definition n_exact :: "('o,'m) addcat \<Rightarrow> nat \<Rightarrow> (nat \<Rightarrow> 'o) \<Rightarrow> (nat \<Rightarrow> 'm) \<Rightarrow> bool" where
  "n_exact C n X d \<longleftrightarrow> is_nkernel C n X d \<and> is_ncokernel C n X d"

definition n_abelian :: "('o,'m) addcat \<Rightarrow> nat \<Rightarrow> bool" where
  "n_abelian C n \<longleftrightarrow> additive C \<and> idempotent_complete C \<and>
     (\<forall>A\<in>Ob C. \<forall>B\<in>Ob C. \<forall>f\<in>Mor C A B.
        (\<exists>X d. X n = A \<and> X (Suc n) = B \<and> d n = f \<and> is_nkernel C n X d) \<and>
        (\<exists>X d. X 0 = A \<and> X 1 = B \<and> d 0 = f \<and> is_ncokernel C n X d)) \<and>
     (\<forall>X d. cat_mono C (X 0) (X 1) (d 0) \<and> is_ncokernel C n X d \<longrightarrow> n_exact C n X d) \<and>
     (\<forall>X d. cat_epi C (X n) (X (Suc n)) (d n) \<and> is_nkernel C n X d \<longrightarrow> n_exact C n X d)"

text \<open>A functor F : C -> Ab is given by FO X (an abelian group) and
  FM X Y f : FO X -> FO Y for f : X -> Y.\<close>
definition additive_functor :: "('o,'m) addcat \<Rightarrow> ('o \<Rightarrow> 'g monoid) \<Rightarrow> ('o \<Rightarrow> 'o \<Rightarrow> 'm \<Rightarrow> 'g \<Rightarrow> 'g) \<Rightarrow> bool" where
  "additive_functor C FO FM \<longleftrightarrow>
     (\<forall>X\<in>Ob C. comm_group (FO X)) \<and>
     (\<forall>X\<in>Ob C. \<forall>Y\<in>Ob C. \<forall>f\<in>Mor C X Y. FM X Y f \<in> hom (FO X) (FO Y)) \<and>
     (\<forall>X\<in>Ob C. \<forall>x\<in>carrier (FO X). FM X X (Idm C X) x = x) \<and>
     (\<forall>X\<in>Ob C. \<forall>Y\<in>Ob C. \<forall>Z\<in>Ob C. \<forall>f\<in>Mor C X Y. \<forall>g\<in>Mor C Y Z. \<forall>x\<in>carrier (FO X).
        FM X Z (Cmp C X Y Z g f) x = FM Y Z g (FM X Y f x)) \<and>
     (\<forall>X\<in>Ob C. \<forall>Y\<in>Ob C. \<forall>f\<in>Mor C X Y. \<forall>g\<in>Mor C X Y. \<forall>x\<in>carrier (FO X).
        FM X Y (Add C X Y f g) x = FM X Y f x \<otimes>\<^bsub>FO Y\<^esub> FM X Y g x)"

definition nat_trans :: "('o,'m) addcat \<Rightarrow> ('o \<Rightarrow> 'a monoid) \<Rightarrow> ('o \<Rightarrow> 'o \<Rightarrow> 'm \<Rightarrow> 'a \<Rightarrow> 'a)
     \<Rightarrow> ('o \<Rightarrow> 'b monoid) \<Rightarrow> ('o \<Rightarrow> 'o \<Rightarrow> 'm \<Rightarrow> 'b \<Rightarrow> 'b) \<Rightarrow> ('o \<Rightarrow> 'a \<Rightarrow> 'b) \<Rightarrow> bool" where
  "nat_trans C FO FM GO GM \<eta> \<longleftrightarrow>
     (\<forall>X\<in>Ob C. \<eta> X \<in> hom (FO X) (GO X)) \<and>
     (\<forall>X\<in>Ob C. \<forall>Y\<in>Ob C. \<forall>f\<in>Mor C X Y. \<forall>x\<in>carrier (FO X).
        \<eta> Y (FM X Y f x) = GM X Y f (\<eta> X x))"

text \<open>Monomorphisms in the functor category (M,G): componentwise injective natural transformations.\<close>
definition nat_mono :: "('o,'m) addcat \<Rightarrow> ('o \<Rightarrow> 'a monoid) \<Rightarrow> ('o \<Rightarrow> 'o \<Rightarrow> 'm \<Rightarrow> 'a \<Rightarrow> 'a)
     \<Rightarrow> ('o \<Rightarrow> 'b monoid) \<Rightarrow> ('o \<Rightarrow> 'o \<Rightarrow> 'm \<Rightarrow> 'b \<Rightarrow> 'b) \<Rightarrow> ('o \<Rightarrow> 'a \<Rightarrow> 'b) \<Rightarrow> bool" where
  "nat_mono C FO FM GO GM \<eta> \<longleftrightarrow> nat_trans C FO FM GO GM \<eta> \<and>
     (\<forall>X\<in>Ob C. inj_on (\<eta> X) (carrier (FO X)))"

definition nonzero_functor :: "('o,'m) addcat \<Rightarrow> ('o \<Rightarrow> 'g monoid) \<Rightarrow> bool" where
  "nonzero_functor C FO \<longleftrightarrow> (\<exists>X\<in>Ob C. carrier (FO X) \<noteq> {\<one>\<^bsub>FO X\<^esub>})"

··········

Output the full listing exactly as it stands.

definition n_exact :: "('o,'m) addcat \<Rightarrow> nat \<Rightarrow> (nat \<Rightarrow> 'o) \<Rightarrow> (nat \<Rightarrow> 'm) \<Rightarrow> bool" where
  "n_exact C n X d \<longleftrightarrow> is_nkernel C n X d \<and> is_ncokernel C n X d"

definition n_abelian :: "('o,'m) addcat \<Rightarrow> nat \<Rightarrow> bool" where
  "n_abelian C n \<longleftrightarrow> additive C \<and> idempotent_complete C \<and>
     (\<forall>A\<in>Ob C. \<forall>B\<in>Ob C. \<forall>f\<in>Mor C A B.
        (\<exists>X d. X n = A \<and> X (Suc n) = B \<and> d n = f \<and> is_nkernel C n X d) \<and>
        (\<exists>X d. X 0 = A \<and> X 1 = B \<and> d 0 = f \<and> is_ncokernel C n X d)) \<and>
     (\<forall>X d. cat_mono C (X 0) (X 1) (d 0) \<and> is_ncokernel C n X d \<longrightarrow> n_exact C n X d) \<and>
     (\<forall>X d. cat_epi C (X n) (X (Suc n)) (d n) \<and> is_nkernel C n X d \<longrightarrow> n_exact C n X d)"

text \<open>A functor F : C -> Ab is given by FO X (an abelian group) and
  FM X Y f : FO X -> FO Y for f : X -> Y.\<close>
definition additive_functor :: "('o,'m) addcat \<Rightarrow> ('o \<Rightarrow> 'g monoid) \<Rightarrow> ('o \<Rightarrow> 'o \<Rightarrow> 'm \<Rightarrow> 'g \<Rightarrow> 'g) \<Rightarrow> bool" where
  "additive_functor C FO FM \<longleftrightarrow>
     (\<forall>X\<in>Ob C. comm_group (FO X)) \<and>
     (\<forall>X\<in>Ob C. \<forall>Y\<in>Ob C. \<forall>f\<in>Mor C X Y. FM X Y f \<in> hom (FO X) (FO Y)) \<and>
     (\<forall>X\<in>Ob C. \<forall>x\<in>carrier (FO X). FM X X (Idm C X) x = x) \<and>
     (\<forall>X\<in>Ob C. \<forall>Y\<in>Ob C. \<forall>Z\<in>Ob C. \<forall>f\<in>Mor C X Y. \<forall>g\<in>Mor C Y Z. \<forall>x\<in>carrier (FO X).
        FM X Z (Cmp C X Y Z g f) x = FM Y Z g (FM X Y f x)) \<and>
     (\<forall>X\<in>Ob C. \<forall>Y\<in>Ob C. \<forall>f\<in>Mor C X Y. \<forall>g\<in>Mor C X Y. \<forall>x\<in>carrier (FO X).
        FM X Y (Add C X Y f g) x = FM X Y f x \<otimes>\<^bsub>FO Y\<^esub> FM X Y g x)"

definition nat_trans :: "('o,'m) addcat \<Rightarrow> ('o \<Rightarrow> 'a monoid) \<Rightarrow> ('o \<Rightarrow> 'o \<Rightarrow> 'm \<Rightarrow> 'a \<Rightarrow> 'a)
     \<Rightarrow> ('o \<Rightarrow> 'b monoid) \<Rightarrow> ('o \<Rightarrow> 'o \<Rightarrow> 'm \<Rightarrow> 'b \<Rightarrow> 'b) \<Rightarrow> ('o \<Rightarrow> 'a \<Rightarrow> 'b) \<Rightarrow> bool" where
  "nat_trans C FO FM GO GM \<eta> \<longleftrightarrow>
     (\<forall>X\<in>Ob C. \<eta> X \<in> hom (FO X) (GO X)) \<and>
     (\<forall>X\<in>Ob C. \<forall>Y\<in>Ob C. \<forall>f\<in>Mor C X Y. \<forall>x\<in>carrier (FO X).
        \<eta> Y (FM X Y f x) = GM X Y f (\<eta> X x))"

text \<open>Monomorphisms in the functor category (M,G): componentwise injective natural transformations.\<close>
definition nat_mono :: "('o,'m) addcat \<Rightarrow> ('o \<Rightarrow> 'a monoid) \<Rightarrow> ('o \<Rightarrow> 'o \<Rightarrow> 'm \<Rightarrow> 'a \<Rightarrow> 'a)
     \<Rightarrow> ('o \<Rightarrow> 'b monoid) \<Rightarrow> ('o \<Rightarrow> 'o \<Rightarrow> 'm \<Rightarrow> 'b \<Rightarrow> 'b) \<Rightarrow> ('o \<Rightarrow> 'a \<Rightarrow> 'b) \<Rightarrow> bool" where
  "nat_mono C FO FM GO GM \<eta> \<longleftrightarrow> nat_trans C FO FM GO GM \<eta> \<and>
     (\<forall>X\<in>Ob C. inj_on (\<eta> X) (carrier (FO X)))"

definition nonzero_functor :: "('o,'m) addcat \<Rightarrow> ('o \<Rightarrow> 'g monoid) \<Rightarrow> bool" where
  "nonzero_functor C FO \<longleftrightarrow> (\<exists>X\<in>Ob C. carrier (FO X) \<noteq> {\<one>\<^bsub>FO X\<^esub>})"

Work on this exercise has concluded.